(* Let $q$ be a self-join-free Boolean conjunctive query, let $q_0\subseteq q$, let $\mathbf{db}$ be a database, and let $\mathbf{o}$ be a garbage set for $q_0$ in $\mathbf{db}$. If every garbage set for $q_0$ in $\mathbf{db}\setminus\mathbf{o}$ is empty, then $\mathbf{o}$ is the maximal (with respect to $\subseteq$) garbage set for $q_0$ in $\mathbf{db}$.
   Context: Every relation name has a signature $[n,k]$ ($1\le k\le n$; primary-key positions $1,\dots,k$) and a mode in $\{\mathsf{c},\mathsf{i}\}$. Facts are variable-free atoms; facts are key-equal if same relation name and same primary-key values. A database is a finite set of facts with no two distinct key-equal facts of mode $\mathsf{c}$, all of whose relation names occur in $q$. The block of a fact $A$ in $\mathbf{db}$ is the set of facts of $\mathbf{db}$ key-equal to $A$. A repair of a set of facts is a maximal subset without two distinct key-equal facts. A self-join-free Boolean conjunctive query is a finite set of atoms with distinct relation names; for a fact $A$, $\mathrm{atom}(A)$ is the atom of $q$ with the same relation name. A subset $\mathbf{o}\subseteq\mathbf{db}$ is a garbage set for $q_0$ in $\mathbf{db}$ if (1) for every $A\in\mathbf{o}$, $\mathrm{atom}(A)\in q_0$ and the block of $A$ in $\mathbf{db}$ is included in $\mathbf{o}$; and (2) there is a repair $\mathbf{r}$ of $\mathbf{o}$ such that for every valuation $\theta$ of the variables of $q$, if $\theta(q)\subseteq(\mathbf{db}\setminus\mathbf{o})\cup\mathbf{r}$ then $\theta(q_0)\cap\mathbf{r}=\emptyset$. Garbage sets are closed under union, so a unique maximal garbage set exists. *)

theory Defs
  imports Main
begin

datatype ('v, 'c) trm = Var 'v | Cst 'c

type_synonym ('r, 'v, 'c) atom = "'r \<times> ('v, 'c) trm list"
type_synonym ('r, 'c) fact = "'r \<times> 'c list"

datatype mode = ModeC | ModeI

record 'r schema =
  arity :: "'r \<Rightarrow> nat"
  keylen :: "'r \<Rightarrow> nat"
  rmode :: "'r \<Rightarrow> mode"

definition wf_schema :: "'r schema \<Rightarrow> bool" where
  "wf_schema S \<longleftrightarrow> (\<forall>R. 1 \<le> keylen S R \<and> keylen S R \<le> arity S R)"

definition wf_atom :: "'r schema \<Rightarrow> ('r, 'v, 'c) atom \<Rightarrow> bool" where
  "wf_atom S A \<longleftrightarrow> length (snd A) = arity S (fst A)"

definition wf_fact :: "'r schema \<Rightarrow> ('r, 'c) fact \<Rightarrow> bool" where
  "wf_fact S f \<longleftrightarrow> length (snd f) = arity S (fst f)"

definition sjf_query :: "'r schema \<Rightarrow> ('r, 'v, 'c) atom set \<Rightarrow> bool" where
  "sjf_query S q \<longleftrightarrow> finite q \<and> (\<forall>A\<in>q. wf_atom S A)
     \<and> (\<forall>A\<in>q. \<forall>B\<in>q. fst A = fst B \<longrightarrow> A = B)"

definition key_equal :: "'r schema \<Rightarrow> ('r, 'c) fact \<Rightarrow> ('r, 'c) fact \<Rightarrow> bool" where
  "key_equal S f g \<longleftrightarrow> fst f = fst g \<and>
     take (keylen S (fst f)) (snd f) = take (keylen S (fst g)) (snd g)"

definition database :: "'r schema \<Rightarrow> ('r, 'v, 'c) atom set \<Rightarrow> ('r, 'c) fact set \<Rightarrow> bool" where
  "database S q db \<longleftrightarrow> finite db \<and> (\<forall>f\<in>db. wf_fact S f)
     \<and> (\<forall>f\<in>db. \<forall>g\<in>db. key_equal S f g \<and> f \<noteq> g \<longrightarrow> rmode S (fst f) \<noteq> ModeC)
     \<and> (\<forall>f\<in>db. \<exists>A\<in>q. fst A = fst f)"

definition block :: "'r schema \<Rightarrow> ('r, 'c) fact set \<Rightarrow> ('r, 'c) fact \<Rightarrow> ('r, 'c) fact set" where
  "block S db A = {B \<in> db. key_equal S A B}"

definition consistent :: "'r schema \<Rightarrow> ('r, 'c) fact set \<Rightarrow> bool" where
  "consistent S r \<longleftrightarrow> (\<forall>f\<in>r. \<forall>g\<in>r. key_equal S f g \<longrightarrow> f = g)"

definition repair :: "'r schema \<Rightarrow> ('r, 'c) fact set \<Rightarrow> ('r, 'c) fact set \<Rightarrow> bool" where
  "repair S s r \<longleftrightarrow> r \<subseteq> s \<and> consistent S r \<and>
     (\<forall>r'. r \<subseteq> r' \<and> r' \<subseteq> s \<and> consistent S r' \<longrightarrow> r' = r)"

fun val_trm :: "('v \<Rightarrow> 'c) \<Rightarrow> ('v, 'c) trm \<Rightarrow> 'c" where
  "val_trm \<theta> (Var x) = \<theta> x"
| "val_trm \<theta> (Cst c) = c"

definition val_atom :: "('v \<Rightarrow> 'c) \<Rightarrow> ('r, 'v, 'c) atom \<Rightarrow> ('r, 'c) fact" where
  "val_atom \<theta> A = (fst A, map (val_trm \<theta>) (snd A))"

text \<open>Garbage set o for q0 in db (w.r.t. query q).  Condition atom(A) \<in> q0 is
  rendered as: the atom of q with the relation name of A lies in q0.\<close>
definition garbage_set ::
  "'r schema \<Rightarrow> ('r, 'v, 'c) atom set \<Rightarrow> ('r, 'v, 'c) atom set
    \<Rightarrow> ('r, 'c) fact set \<Rightarrow> ('r, 'c) fact set \<Rightarrow> bool" where
  "garbage_set S q q0 db gs \<longleftrightarrow> gs \<subseteq> db \<and>
     (\<forall>A\<in>gs. (\<exists>\<alpha>\<in>q. fst \<alpha> = fst A \<and> \<alpha> \<in> q0) \<and> block S db A \<subseteq> gs) \<and>
     (\<exists>r. repair S gs r \<and>
        (\<forall>\<theta>. val_atom \<theta> ` q \<subseteq> (db - gs) \<union> r \<longrightarrow> val_atom \<theta> ` q0 \<inter> r = {}))"

end

theory Submission
  imports Defs
begin

text \<open>If \<open>gs\<close> is a union of blocks of \<open>db\<close>, then for any garbage set \<open>o'\<close> the part
  \<open>o' - gs\<close> is a union of blocks of \<open>o'\<close>; a repair of \<open>o'\<close> therefore restricts to a repair
  of \<open>o' - gs\<close>, and every valuation that is harmless for \<open>o'\<close> in \<open>db\<close> remains harmless for
  \<open>o' - gs\<close> in \<open>db - gs\<close>. So \<open>o' - gs\<close> is a garbage set in \<open>db - gs\<close>, hence empty.\<close>

lemma key_equal_sym: "key_equal S f g \<Longrightarrow> key_equal S g f"
  unfolding key_equal_def by auto

lemma consistent_subset: "consistent S r \<Longrightarrow> r' \<subseteq> r \<Longrightarrow> consistent S r'"
  unfolding consistent_def by blast

lemma consistent_Un:
  assumes "consistent S A" and "consistent S B"
    and "\<And>f g. f \<in> A \<Longrightarrow> g \<in> B \<Longrightarrow> \<not> key_equal S f g"
  shows "consistent S (A \<union> B)"
  using assms key_equal_sym unfolding consistent_def by blast

lemma repair_restrict:
  assumes rep: "repair S s r" and "p \<subseteq> s"
    and sep: "\<And>f g. f \<in> p \<Longrightarrow> g \<in> s - p \<Longrightarrow> \<not> key_equal S f g"
  shows "repair S p (r \<inter> p)"
  unfolding repair_def
proof (intro conjI allI impI)
  have r_sub: "r \<subseteq> s" and r_cons: "consistent S r"
    using rep unfolding repair_def by auto
  show "r \<inter> p \<subseteq> p" by blast
  show "consistent S (r \<inter> p)" using r_cons by (rule consistent_subset) blast
  fix r'' assume r'': "r \<inter> p \<subseteq> r'' \<and> r'' \<subseteq> p \<and> consistent S r''"
  have "consistent S (r'' \<union> (r - p))"
  proof (rule consistent_Un)
    show "consistent S (r - p)" using r_cons by (rule consistent_subset) blast
    show "\<not> key_equal S f g" if "f \<in> r''" "g \<in> r - p" for f g
      using sep that r'' r_sub by blast
  qed (use r'' in blast)
  moreover have "r \<subseteq> r'' \<union> (r - p)" and "r'' \<union> (r - p) \<subseteq> s"
    using r'' r_sub \<open>p \<subseteq> s\<close> by blast+
  ultimately have "r'' \<union> (r - p) = r"
    using rep unfolding repair_def by blast
  then show "r'' = r \<inter> p" using r'' by blast
qed

lemma block_closed_not_key_equal:
  assumes "\<And>A. A \<in> gs \<Longrightarrow> block S db A \<subseteq> gs"
    and "f \<in> db - gs" and "g \<in> gs"
  shows "\<not> key_equal S f g"
  using assms key_equal_sym unfolding block_def by blast

lemma garbage_set_Diff_block_closed:
  assumes go: "garbage_set S q q0 db o'"
    and closed: "\<And>A. A \<in> gs \<Longrightarrow> block S db A \<subseteq> gs"
  shows "garbage_set S q q0 (db - gs) (o' - gs)"
proof -
  have o_db: "o' \<subseteq> db"
    and o_closed: "\<forall>A\<in>o'. (\<exists>\<alpha>\<in>q. fst \<alpha> = fst A \<and> \<alpha> \<in> q0) \<and> block S db A \<subseteq> o'"
    using go unfolding garbage_set_def by auto
  obtain r where rep: "repair S o' r"
    and harmless: "\<And>\<theta>. val_atom \<theta> ` q \<subseteq> (db - o') \<union> r \<Longrightarrow> val_atom \<theta> ` q0 \<inter> r = {}"
    using go unfolding garbage_set_def by blast
  have "repair S (o' - gs) (r \<inter> (o' - gs))"
  proof (rule repair_restrict[OF rep])
    show "\<not> key_equal S f g" if "f \<in> o' - gs" and "g \<in> o' - (o' - gs)" for f g
      using block_closed_not_key_equal[OF closed, of f g] that o_db by blast
  qed blast
  moreover have "val_atom \<theta> ` q0 \<inter> (r \<inter> (o' - gs)) = {}"
    if "val_atom \<theta> ` q \<subseteq> (db - gs - (o' - gs)) \<union> r \<inter> (o' - gs)" for \<theta>
  proof -
    have "val_atom \<theta> ` q \<subseteq> (db - o') \<union> r" using that by blast
    then show ?thesis using harmless by blast
  qed
  moreover have "block S (db - gs) A \<subseteq> o' - gs" if "A \<in> o' - gs" for A
    using that o_closed unfolding block_def by blast
  ultimately show ?thesis
    using o_db o_closed unfolding garbage_set_def by blast
qed

theorem corollary31:
  fixes S :: "'r schema"
    and q q0 :: "('r, 'v, 'c) atom set"
    and db gs :: "('r, 'c) fact set"
  assumes "wf_schema S"
    and "sjf_query S q"
    and "q0 \<subseteq> q"
    and "database S q db"
    and "garbage_set S q q0 db gs"
    and "\<forall>o'. garbage_set S q q0 (db - gs) o' \<longrightarrow> o' = {}"
  shows "\<forall>o'. garbage_set S q q0 db o' \<longrightarrow> o' \<subseteq> gs"
proof (intro allI impI)
  fix o' assume "garbage_set S q q0 db o'"
  moreover have "\<And>A. A \<in> gs \<Longrightarrow> block S db A \<subseteq> gs"
    using assms(5) unfolding garbage_set_def by blast
  ultimately have "garbage_set S q q0 (db - gs) (o' - gs)"
    by (rule garbage_set_Diff_block_closed)
  then show "o' \<subseteq> gs" using assms(6) by blast
qed

end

+++

- **What the task asks**
Filter the entries down to the lines containing "have". Copy each of those lines.

- **Solution**
  have r_sub: "r \<subseteq> s" and r_cons: "consistent S r"
  have "consistent S (r'' \<union> (r - p))"
  moreover have "r \<subseteq> r'' \<union> (r - p)" and "r'' \<union> (r - p) \<subseteq> s"
  ultimately have "r'' \<union> (r - p) = r"
  have o_db: "o' \<subseteq> db"
  have "repair S (o' - gs) (r \<inter> (o' - gs))"
  moreover have "val_atom \<theta> ` q0 \<inter> (r \<inter> (o' - gs)) = {}"
    have "val_atom \<theta> ` q \<subseteq> (db - o') \<union> r" using that by blast
  moreover have "block S (db - gs) A \<subseteq> o' - gs" if "A \<in> o' - gs" for A
  moreover have "\<And>A. A \<in> gs \<Longrightarrow> block S db A \<subseteq> gs"
  ultimately have "garbage_set S q q0 (db - gs) (o' - gs)"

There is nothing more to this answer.